Like many software professionals, I often resort to Stack Overflow (through search engines) when looking for clues to solve programming problems at hand. Besides looking for programming solution ideas, when I find some free time I would also visit the site to help answer questions posted there. Occasionally, some of the more interesting question topics would trigger me to expand them into blog posts. In fact, a good chunk of the content in my Scala-on-Spark (SoS) mini blog series was from selected Stack Overflow questions I’ve answered in the past. So is the topic being tackled in this blog post.
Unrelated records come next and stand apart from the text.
lemma tail_sum_formula:
  fixes p R :: "nat \<Rightarrow> real"
  assumes dec: "decseq R" and R_sums: "R sums s"
    and p_Suc: "\<And>n. p (Suc n) = R n - R (Suc n)"
  shows "(\<lambda>n. real n * p n) sums s"
proof -
  have R_lim: "R \<longlonglongrightarrow> 0"
    using R_sums by (intro summable_LIMSEQ_zero sums_summable)
  have R_le: "R n \<le> R k" if "k \<le> n" for k n
    using dec that by (simp add: decseq_def)
  note partial = sum_index_weighted_decrements[of p R, OF p_Suc]
  have term_nonneg: "0 \<le> real n * p n" for n
    using R_le[of "n - 1" n] p_Suc[of "n - 1"] by (cases n) simp_all
  have upper: "(\<Sum>n<M. real n * p n) \<le> s" for M
  proof -
    have "(\<Sum>n<M. real n * p n) \<le> (\<Sum>n<Suc M. real n * p n)"
      using term_nonneg[of M] by simp
    also have "\<dots> \<le> (\<Sum>k<M. R k)"
      unfolding partial using decseq_ge[OF dec R_lim] by (intro sum_mono) simp
    also have "\<dots> \<le> s"
      using sum_le_suminf[OF sums_summable[OF R_sums], of "{..<M}"] decseq_ge[OF dec R_lim]
        sums_unique[OF R_sums]
      by simp
    finally show ?thesis .
  qed
  have summable: "summable (\<lambda>n. real n * p n)"
    using term_nonneg upper by (rule summableI_nonneg_bounded)
  have lower: "(\<Sum>k<K. R k) \<le> (\<Sum>n. real n * p n)" for K
  proof (rule LIMSEQ_le_const2)
    show "(\<lambda>M. \<Sum>k<K. R k - R M) \<longlonglongrightarrow> (\<Sum>k<K. R k)"
      using tendsto_sum[of "{..<K}" "\<lambda>k M. R k - R M", OF tendsto_diff[OF tendsto_const R_lim]]
      by simp
    have "(\<Sum>k<K. R k - R M) \<le> (\<Sum>n. real n * p n)" if "K \<le> M" for M
    proof -
      have "(\<Sum>k<K. R k - R M) \<le> (\<Sum>k<M. R k - R M)"
        using that R_le by (intro sum_mono2) auto
      also have "\<dots> \<le> (\<Sum>n. real n * p n)"
        unfolding partial[symmetric] using summable term_nonneg by (intro sum_le_suminf) auto
      finally show ?thesis .
    qed
    then show "\<exists>N. \<forall>M\<ge>N. (\<Sum>k<K. R k - R M) \<le> (\<Sum>n. real n * p n)"
      by blast
  qed
  have "s \<le> (\<Sum>n. real n * p n)"
    using R_sums unfolding sums_def by (rule LIMSEQ_le_const2) (use lower in blast)
  moreover have "(\<Sum>n. real n * p n) \<le> s"
    using summable upper by (rule suminf_le_const)
  ultimately show ?thesis
    using summable_sums[OF summable] by simp
qed
lemma symmetric_invariant_subspace_eigenbasis:
  fixes A :: "real^'n^'n"
  assumes sym: "transpose A = A"
  shows "subspace S \<Longrightarrow> (\<And>x. x \<in> S \<Longrightarrow> A *v x \<in> S) \<Longrightarrow>
    \<exists>B. B \<subseteq> S \<and> finite B \<and> (\<forall>b\<in>B. b \<bullet> b = 1) \<and> (\<forall>b\<in>B. \<forall>b'\<in>B. b \<noteq> b' \<longrightarrow> b \<bullet> b' = 0) \<and>
        (\<forall>b\<in>B. A *v b = (b \<bullet> (A *v b)) *\<^sub>R b) \<and> (\<forall>x\<in>S. x = (\<Sum>b\<in>B. (b \<bullet> x) *\<^sub>R b))"
proof (induction "dim S" arbitrary: S rule: less_induct)
  case less
  show ?case
  proof (cases "\<exists>x\<in>S. x \<noteq> 0")
    case False
    thus ?thesis by (intro exI[of _ "{}"]) auto
  next
    case True
    obtain v where v: "v \<in> S" "v \<bullet> v = 1" "A *v v = (v \<bullet> (A *v v)) *\<^sub>R v"
      using symmetric_invariant_subspace_eigenvector[OF sym less.prems True] by blast
    define S' where "S' = S \<inter> {x. v \<bullet> x = 0}"
    have sub': "subspace S'" unfolding S'_def by (intro subspace_inter less.prems(1) subspace_hyperplane)
    have inv': "A *v x \<in> S'" if "x \<in> S'" for x
      using that less.prems(2) symmetric_eigenvector_orthogonal[OF sym v(3)] by (simp add: S'_def)
    have "v \<noteq> 0" using v(2) by auto
    hence "dim S' < dim S" unfolding S'_def by (rule dim_orthogonal_slice_less[OF less.prems(1) v(1)])
    then obtain B' where B': "B' \<subseteq> S'" "finite B'" "\<forall>b\<in>B'. b \<bullet> b = 1"
        "\<forall>b\<in>B'. \<forall>b'\<in>B'. b \<noteq> b' \<longrightarrow> b \<bullet> b' = 0" "\<forall>b\<in>B'. A *v b = (b \<bullet> (A *v b)) *\<^sub>R b"
        "\<forall>x\<in>S'. x = (\<Sum>b\<in>B'. (b \<bullet> x) *\<^sub>R b)"
      using less.hyps[OF _ sub' inv'] by blast
    have "v \<notin> B'" using B'(1) v(2) by (auto simp: S'_def)
    have orth_v: "b \<bullet> v = 0" if "b \<in> B'" for b using B'(1) that by (auto simp: S'_def inner_commute)
    show ?thesis
    proof (intro exI[of _ "insert v B'"] conjI ballI impI)
      show "insert v B' \<subseteq> S" using B'(1) v(1) by (auto simp: S'_def)
      show "finite (insert v B')" using B'(2) by simp
      show "b \<bullet> b = 1" if "b \<in> insert v B'" for b using that B'(3) v(2) by auto
      show "b \<bullet> b' = 0" if "b \<in> insert v B'" "b' \<in> insert v B'" "b \<noteq> b'" for b b'
        using that B'(4) orth_v by (auto simp: inner_commute)
      show "A *v b = (b \<bullet> (A *v b)) *\<^sub>R b" if "b \<in> insert v B'" for b using that B'(5) v(3) by auto
      fix x assume "x \<in> S"
      hence "x - (v \<bullet> x) *\<^sub>R v \<in> S'" using v less.prems(1)
        by (auto simp: S'_def subspace_diff subspace_scale inner_diff_right)
      hence "x - (v \<bullet> x) *\<^sub>R v = (\<Sum>b\<in>B'. (b \<bullet> (x - (v \<bullet> x) *\<^sub>R v)) *\<^sub>R b)"
        by (rule B'(6)[rule_format])
      with B'(2) \<open>v \<notin> B'\<close> orth_v show "x = (\<Sum>b\<in>insert v B'. (b \<bullet> x) *\<^sub>R b)"
        by (rule expansion_insert_orthogonal)
    qed
  qed
qed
Suppose we have time-series data with time gaps among the chronological timestamps like below:
+---+-------------------+------+ | id| timestamp|amount| +---+-------------------+------+ | 1|2019-01-16 08:30:00| 100.0| | 1|2019-01-16 08:35:00| 110.0| | 1|2019-01-16 08:38:00| 120.0| | 2|2019-01-16 12:00:00| 200.0| | 2|2019-01-16 12:03:00| 210.0| | 2|2019-01-16 12:04:00| 220.0| | 2|2019-01-16 12:08:00| 230.0| +---+-------------------+------+
Our goal is to expand column `timestamp` into per-minute timestamps and column `amount` into linearly interpolated values like below:
+---+-------------------+------+ | id| timestamp|amount| +---+-------------------+------+ | 1|2019-01-16 08:30:00| 100.0| | 1|2019-01-16 08:31:00| 102.0| | 1|2019-01-16 08:32:00| 104.0| | 1|2019-01-16 08:33:00| 106.0| | 1|2019-01-16 08:34:00| 108.0| | 1|2019-01-16 08:35:00| 110.0| | 1|2019-01-16 08:36:00|113.33| | 1|2019-01-16 08:37:00|116.67| | 1|2019-01-16 08:38:00| 120.0| |...| ... | ...| +---+-------------------+------+
There are different ways to solve interpolation problems. Since timestamps can be represented as `Long` values (i.e. Unix time), it might make sense to consider using method spark.range to create a time series of contiguous timestamps and left-join with the dataset at hand. The catch, though, is that the method applies to the entire dataset (as opposed to per-group) and requires the `start` and `end` of the timestamp range as its parameters that might not be known in advance.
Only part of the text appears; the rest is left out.